Further memorandum from the Department
of Trade and Industry
On 20 February, 2007, I provided an interim
response to your letter of 7 February. In your original letter
you requested details of the methodology that the Department for
International Development uses to assess whether applications
for export licences meet Criterion 8 of the EU Code on Arms Exports
and a working example of its application, and also raised a number
of questions relating to the apparent disparity between refusals
on Criterion 8 grounds made by France and the UK.
I understand that the methodology used by DFID
to assess export licence applications under Criterion 8 was passed
to you on 1st March 2007, and that DFID have also provided you
with an explanation of the disparity in the number of refusals
between the UK and the French. However, I am now able to answer
your more detailed questions relating to the French Criterion
8 refusals. I apologise for the delay in reaching this stage.

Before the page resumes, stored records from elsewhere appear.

lemma balanced_partition_card_cross:
  assumes "finite A" "finite B"
    and "balanced_partition (A \<union> B) n A B" "balanced_partition (A \<union> B) n X Y"
  shows "card (B \<inter> X) = card (A \<inter> Y)" and "card (A \<inter> X) + card (A \<inter> Y) = n"
proof -
  have cards: "card A = n" "card X = n"
    and parts: "A \<inter> B = {}" "X \<inter> Y = {}" "X \<union> Y = A \<union> B"
    using assms(3,4) unfolding balanced_partition_def by auto
  have "A = (A \<inter> X) \<union> (A \<inter> Y)" "X = (A \<inter> X) \<union> (B \<inter> X)"
    using parts by auto
  moreover have "card ((A \<inter> X) \<union> (A \<inter> Y)) = card (A \<inter> X) + card (A \<inter> Y)"
    using assms(1) parts by (intro card_Un_disjoint) auto
  moreover have "card ((A \<inter> X) \<union> (B \<inter> X)) = card (A \<inter> X) + card (B \<inter> X)"
    using assms(1,2) parts by (intro card_Un_disjoint) auto
  ultimately have "card A = card (A \<inter> X) + card (A \<inter> Y)" "card X = card (A \<inter> X) + card (B \<inter> X)"
    by simp_all
  with cards show "card (B \<inter> X) = card (A \<inter> Y)" "card (A \<inter> X) + card (A \<inter> Y) = n"
    by auto
qed

lemma balanced_partition_eq_if_cross_empty:
  assumes "finite A" "finite B"
    and "balanced_partition (A \<union> B) n A B" "balanced_partition (A \<union> B) n X Y"
    and "A \<inter> Y = {}"
  shows "X = A" and "Y = B"
proof -
  have parts: "A \<inter> B = {}" "X \<inter> Y = {}" "X \<union> Y = A \<union> B" and "card A = card X"
    using assms(3,4) unfolding balanced_partition_def by auto
  moreover have "A \<subseteq> X" using parts assms(5) by auto
  moreover have "finite X" using parts assms(1,2) by (metis finite_Un)
  ultimately show "X = A" by (metis card_subset_eq)
  with parts show "Y = B" by auto
qed

lemma exchange_inequality_of_balanced_partition:
  assumes fin: "finite A" "finite B"
    and truth: "balanced_partition (A \<union> B) n A B"
    and part: "balanced_partition (A \<union> B) n X Y"
    and pos: "\<forall>e\<in>vpairs (A \<union> B). p (w e) > 0 \<and> q (w e) > 0"
    and le: "likelihood p q w A B \<le> likelihood p q w X Y"
    and ne: "(X, Y) \<noteq> (A, B)"
  shows "\<exists>Aw Bw. 1 \<le> card (A \<inter> Y) \<and> Aw \<subseteq> A \<and> Bw \<subseteq> B \<and>
           card Aw = card (A \<inter> Y) \<and> card Bw = card (A \<inter> Y) \<and>
           Sscore p q w Aw (A - Aw) + Sscore p q w Bw (B - Bw)
             \<le> Sscore p q w Aw (B - Bw) + Sscore p q w (A - Aw) Bw"
proof -
  have "A \<inter> Y \<noteq> {}"
    using balanced_partition_eq_if_cross_empty[OF fin truth part] ne by auto
  then have "1 \<le> card (A \<inter> Y)"
    using fin by (simp add: Suc_le_eq card_gt_0_iff)
  moreover have "card (B \<inter> X) = card (A \<inter> Y)"
    by (rule balanced_partition_card_cross(1)[OF fin truth part])
  moreover have "Sscore p q w (A \<inter> Y) (A - A \<inter> Y) + Sscore p q w (B \<inter> X) (B - B \<inter> X)
      \<le> Sscore p q w (A \<inter> Y) (B - B \<inter> X) + Sscore p q w (A - A \<inter> Y) (B \<inter> X)"
    using truth part fin pos le
    by (intro exchange_inequality_of_likelihood_le) (auto simp: balanced_partition_def)
  ultimately show ?thesis
    by (intro exI[of _ "A \<inter> Y"] exI[of _ "B \<inter> X"]) simp
qed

Your first request was for details of the French
refusals and the reasoning behind them. My officials have been
in contact with the Foreign and Commonwealth Office concerning
the release of this information. The advice that we have received
is that this information has been provided by other Governments
to the UK in confidence under the relevant regime, and that it
therefore cannot be released by the UK Government to any third
parties. However, I hope that the more general information on
procedures in France recently provided by DFID may have helped
to clarify these matters, in principle at least.

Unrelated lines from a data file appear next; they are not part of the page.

(* Let $\mathcal P_{XY}$ be any distribution on $\mathbb R^p\times\mathbb R$ and let $Z_i=(X_i,Y_i)$, $i=1,\dots,n+1$, be i.i.d. draws from $\mathcal P_{XY}$. Let $\mathcal Z=\{Z_1,\dots,Z_{n+1}\}$ and $\mathcal X=\{X_1,\dots,X_{n+1}\}$ denote the unordered sets of observations and of features. Let $V(z)=V(z;\mathcal Z)$ be a real-valued score function whose form may depend on the data only through $\mathcal Z$, and set $V_i=V(Z_i;\mathcal Z)$. Let $H:\mathbb R^p\times\mathbb R^p\to[0,1]$ be a localizer function whose form may depend on the data only through $\mathcal X$, with $H(x,x)=1$ for all $x$. Put $H_{ij}=H(X_i,X_j)$ and $p^H_{ij}=H_{ij}/\sum_{k=1}^{n+1}H_{ik}$, and define the weighted distributions $$\hat{\mathcal F}_i=\sum_{j=1}^{n+1}p^H_{ij}\delta_{V_j}\quad(i=1,\dots,n+1),\qquad \hat{\mathcal F}=\sum_{j=1}^{n}p^H_{n+1,j}\delta_{V_j}+p^H_{n+1,n+1}\delta_{+\infty}.$$ Let $\Gamma=\{\sum_{k\in I}p^H_{ik}: i\in\{1,\dots,n+1\},\ I\subseteq\{1,\dots,n+1\}\}$ and fix $\alpha\in(0,1)$. Let $\tilde\alpha$ be the smallest value in $\Gamma$ such that $$\frac{1}{n+1}\sum_{i=1}^{n+1}\mathbb 1\{V_i\le Q(\tilde\alpha;\hat{\mathcal F}_i)\}\ge\alpha.$$ Then $\mathbb P\{V_{n+1}\le Q(\tilde\alpha;\hat{\mathcal F}_{n+1})\}\ge\alpha$, and equivalently $\mathbb P\{V_{n+1}\le Q(\tilde\alpha;\hat{\mathcal F})\}\ge\alpha$.
   Context: For a distribution $\mathcal F$ on $\mathbb R\cup\{+\infty\}$, $Q(\alpha;\mathcal F)=\inf\{t:\mathbb P_{T\sim\mathcal F}(T\le t)\ge\alpha\}$ is its level-$\alpha$ quantile. $\delta_v$ is the point mass at $v$. All scores $V_i$ (and hence $\hat{\mathcal F}_i,\hat{\mathcal F},\tilde\alpha$) may depend on $Y_{n+1}$ through $\mathcal Z$. *)

theory Defs
  imports "HOL-Probability.Probability" "HOL-Library.Multiset"
begin

text \<open>Data: \<omega> i = Z_i = (X_i, Y_i) for i in {1..n+1}; the sample space is the
  (n+1)-fold product of the data distribution.\<close>

type_synonym 'p obs = "(real^'p) \<times> real"

definition Zms :: "nat \<Rightarrow> (nat \<Rightarrow> 'p obs) \<Rightarrow> 'p obs multiset" where
  "Zms n \<omega> = image_mset \<omega> (mset_set {1..n+1})"

definition Xms :: "nat \<Rightarrow> (nat \<Rightarrow> 'p obs) \<Rightarrow> (real^'p) multiset" where
  "Xms n \<omega> = image_mset (\<lambda>i. fst (\<omega> i)) (mset_set {1..n+1})"

definition Vsc :: "('p obs multiset \<Rightarrow> 'p obs \<Rightarrow> real) \<Rightarrow> nat \<Rightarrow> (nat \<Rightarrow> 'p obs) \<Rightarrow> nat \<Rightarrow> real" where
  "Vsc V n \<omega> i = V (Zms n \<omega>) (\<omega> i)"

definition Hloc :: "((real^'p) multiset \<Rightarrow> real^'p \<Rightarrow> real^'p \<Rightarrow> real) \<Rightarrow> nat \<Rightarrow> (nat \<Rightarrow> 'p obs)
    \<Rightarrow> nat \<Rightarrow> nat \<Rightarrow> real" where
  "Hloc H n \<omega> i j = H (Xms n \<omega>) (fst (\<omega> i)) (fst (\<omega> j))"

definition pH :: "((real^'p) multiset \<Rightarrow> real^'p \<Rightarrow> real^'p \<Rightarrow> real) \<Rightarrow> nat \<Rightarrow> (nat \<Rightarrow> 'p obs)
    \<Rightarrow> nat \<Rightarrow> nat \<Rightarrow> real" where
  "pH H n \<omega> i j = Hloc H n \<omega> i j / (\<Sum>k\<in>{1..n+1}. Hloc H n \<omega> i k)"

text \<open>Level-a quantile Q(a; F) = inf{t : P_{T~F}(T \<le> t) \<ge> a} of the discrete distribution
  F = sum_{j in I} w_j \<delta>_{v_j} on R \<union> {+\<infinity>} (t ranges over the extended reals).\<close>
definition wquantile :: "real \<Rightarrow> (nat \<Rightarrow> real) \<Rightarrow> (nat \<Rightarrow> ereal) \<Rightarrow> nat set \<Rightarrow> ereal" where
  "wquantile a w v I = Inf {t. (\<Sum>j\<in>{j\<in>I. v j \<le> t}. w j) \<ge> a}"

definition QFi where
  "QFi V H n \<omega> a i = wquantile a (pH H n \<omega> i) (\<lambda>j. ereal (Vsc V n \<omega> j)) {1..n+1}"

definition QFhat where
  "QFhat V H n \<omega> a = wquantile a (pH H n \<omega> (n+1))
      (\<lambda>j. if j = n+1 then \<infinity> else ereal (Vsc V n \<omega> j)) {1..n+1}"

definition Gam where
  "Gam H n \<omega> = {\<Sum>k\<in>I. pH H n \<omega> i k | i I. i \<in> {1..n+1} \<and> I \<subseteq> {1..n+1}}"

definition alpha_tilde where
  "alpha_tilde V H n \<omega> a = Min {g \<in> Gam H n \<omega>.
      (1 / real (n+1)) * (\<Sum>i\<in>{1..n+1}. if ereal (Vsc V n \<omega> i) \<le> QFi V H n \<omega> g i then 1 else 0) \<ge> a}"

end

theory Submission
  imports Defs
begin

text \<open>
  Let E_i be the event V_i \<le> Q(\<tilde>\<alpha>; \<hat>F_i). Swapping the observations i and n+1 preserves the
  product measure, leaves the unordered samples and hence \<Gamma> and \<tilde>\<alpha> unchanged, and maps
  E_{n+1} onto E_i, so all E_i have the same probability. By the choice of \<tilde>\<alpha>, at least
  \<alpha>(n+1) of the events E_i occur on every sample, whence (n+1) P(E_{n+1}) = \<Sum>_i P(E_i) \<ge> \<alpha>(n+1).
  Finally, V \<le> Q(t; F) holds iff the F-mass strictly below V is less than t, and moving the
  atom at V_{n+1} to +\<infinity> does not change the mass strictly below V_{n+1}.
\<close>

declare One_nat_def [simp del]

lemma le_wquantile_iff:
  fixes v :: "nat \<Rightarrow> ereal"
  assumes fin: "finite I" and w_nonneg: "\<And>j. j \<in> I \<Longrightarrow> 0 \<le> w j"
  shows "ereal x \<le> wquantile a w v I \<longleftrightarrow> sum w {j\<in>I. v j < ereal x} < a"
proof
  assume x_le: "ereal x \<le> wquantile a w v I"
  show "sum w {j\<in>I. v j < ereal x} < a"
  proof (rule ccontr)
    assume "\<not> sum w {j\<in>I. v j < ereal x} < a"
    define J where "J = {j\<in>I. v j < ereal x}"
    define t where "t = Max (insert (-\<infinity>) (v ` J))"
    have "finite J" using fin by (simp add: J_def)
    then have "t < ereal x" and "J \<subseteq> {j\<in>I. v j \<le> t}"
      by (auto simp: t_def J_def)
    then have "sum w J \<le> sum w {j\<in>I. v j \<le> t}"
      by (intro sum_mono2) (auto simp: fin w_nonneg)
    with \<open>\<not> sum w {j\<in>I. v j < ereal x} < a\<close> have "wquantile a w v I \<le> t"
      unfolding wquantile_def J_def by (intro Inf_lower) simp
    with x_le \<open>t < ereal x\<close> show False by simp
  qed
next
  assume below: "sum w {j\<in>I. v j < ereal x} < a"
  show "ereal x \<le> wquantile a w v I"
    unfolding wquantile_def
  proof (rule Inf_greatest, rule ccontr)
    fix t assume "t \<in> {t. a \<le> sum w {j\<in>I. v j \<le> t}}" and "\<not> ereal x \<le> t"
    then have "a \<le> sum w {j\<in>I. v j \<le> t}" and "{j\<in>I. v j \<le> t} \<subseteq> {j\<in>I. v j < ereal x}"
      by auto
    moreover from this(2) have "sum w {j\<in>I. v j \<le> t} \<le> sum w {j\<in>I. v j < ereal x}"
      by (intro sum_mono2) (auto simp: fin w_nonneg)
    ultimately show False using below by simp
  qed
qed

lemma wquantile_cong:
  assumes "\<And>j. j \<in> I \<Longrightarrow> w j = w' j" and "\<And>j. j \<in> I \<Longrightarrow> v j = v' j"
  shows "wquantile a w v I = wquantile a w' v' I"
proof -
  have "sum w {j\<in>I. v j \<le> t} = sum w' {j\<in>I. v' j \<le> t}" for t
    using assms by (intro sum.cong) auto
  then show ?thesis
    unfolding wquantile_def by simp
qed

lemma wquantile_reindex:
  assumes "bij_betw \<pi> I J"
  shows "wquantile a (w \<circ> \<pi>) (v \<circ> \<pi>) I = wquantile a w v J"
proof -
  have "sum (w \<circ> \<pi>) {j\<in>I. v (\<pi> j) \<le> t} = sum w {j\<in>J. v j \<le> t}" for t
  proof -
    have "bij_betw \<pi> {j\<in>I. v (\<pi> j) \<le> t} {j\<in>J. v j \<le> t}"
      using assms by (auto simp: bij_betw_def inj_on_def)
    then show ?thesis unfolding comp_def by (rule sum.reindex_bij_betw)
  qed
  then show ?thesis unfolding wquantile_def by simp
qed

definition empirical_coverage ::
    "('p::finite obs multiset \<Rightarrow> 'p obs \<Rightarrow> real) \<Rightarrow> ((real^'p) multiset \<Rightarrow> real^'p \<Rightarrow> real^'p \<Rightarrow> real)
      \<Rightarrow> nat \<Rightarrow> (nat \<Rightarrow> 'p obs) \<Rightarrow> real \<Rightarrow> real" where
  "empirical_coverage V H n \<omega> g =
     1 / real (n+1) * (\<Sum>i\<in>{1..n+1}. if ereal (Vsc V n \<omega> i) \<le> QFi V H n \<omega> g i then 1 else 0)"

lemma alpha_tilde_eq_Min:
  "alpha_tilde V H n \<omega> a = Min {g \<in> Gam H n \<omega>. a \<le> empirical_coverage V H n \<omega> g}"
  unfolding alpha_tilde_def empirical_coverage_def ..

definition covered ::
    "('p::finite obs multiset \<Rightarrow> 'p obs \<Rightarrow> real) \<Rightarrow> ((real^'p) multiset \<Rightarrow> real^'p \<Rightarrow> real^'p \<Rightarrow> real)
      \<Rightarrow> nat \<Rightarrow> real \<Rightarrow> (nat \<Rightarrow> 'p obs) \<Rightarrow> nat \<Rightarrow> bool" where
  "covered V H n a \<omega> i \<longleftrightarrow> ereal (Vsc V n \<omega> i) \<le> QFi V H n \<omega> (alpha_tilde V H n \<omega> a) i"

lemma pH_nonneg:
  assumes "\<And>Xs x y. 0 \<le> H Xs x y"
  shows "0 \<le> pH H n \<omega> i j"
  unfolding pH_def Hloc_def by (intro divide_nonneg_nonneg sum_nonneg assms)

Your second question was whether the UK or any
other Government had undercut these refusals by France. I should
start by explaining that many refusals never raise an issue of
undercut. It is necessary for the UK to consider that issue only
if a UK exporter applies, subsequent to a refusal by another regime
member, to export goods or technology which are essentially identical
to those which were the subject of the refusal. My officials have
checked the records thoroughly for the relevant time periods and
confirm that no such applications were lodged by UK exporters;
so in practice, the issue has never arisen from a UK perspective
and I can confirm that the UK has not undercut any of the French
Criterion 8 refusals.
Consultations concerning potential undercuts
are between the state that has refused and the country of intended
export. The UK would not be advised of any of these consultations
unless it were directly involved, and so does not hold the information
that you request concerning undercuts by other countries.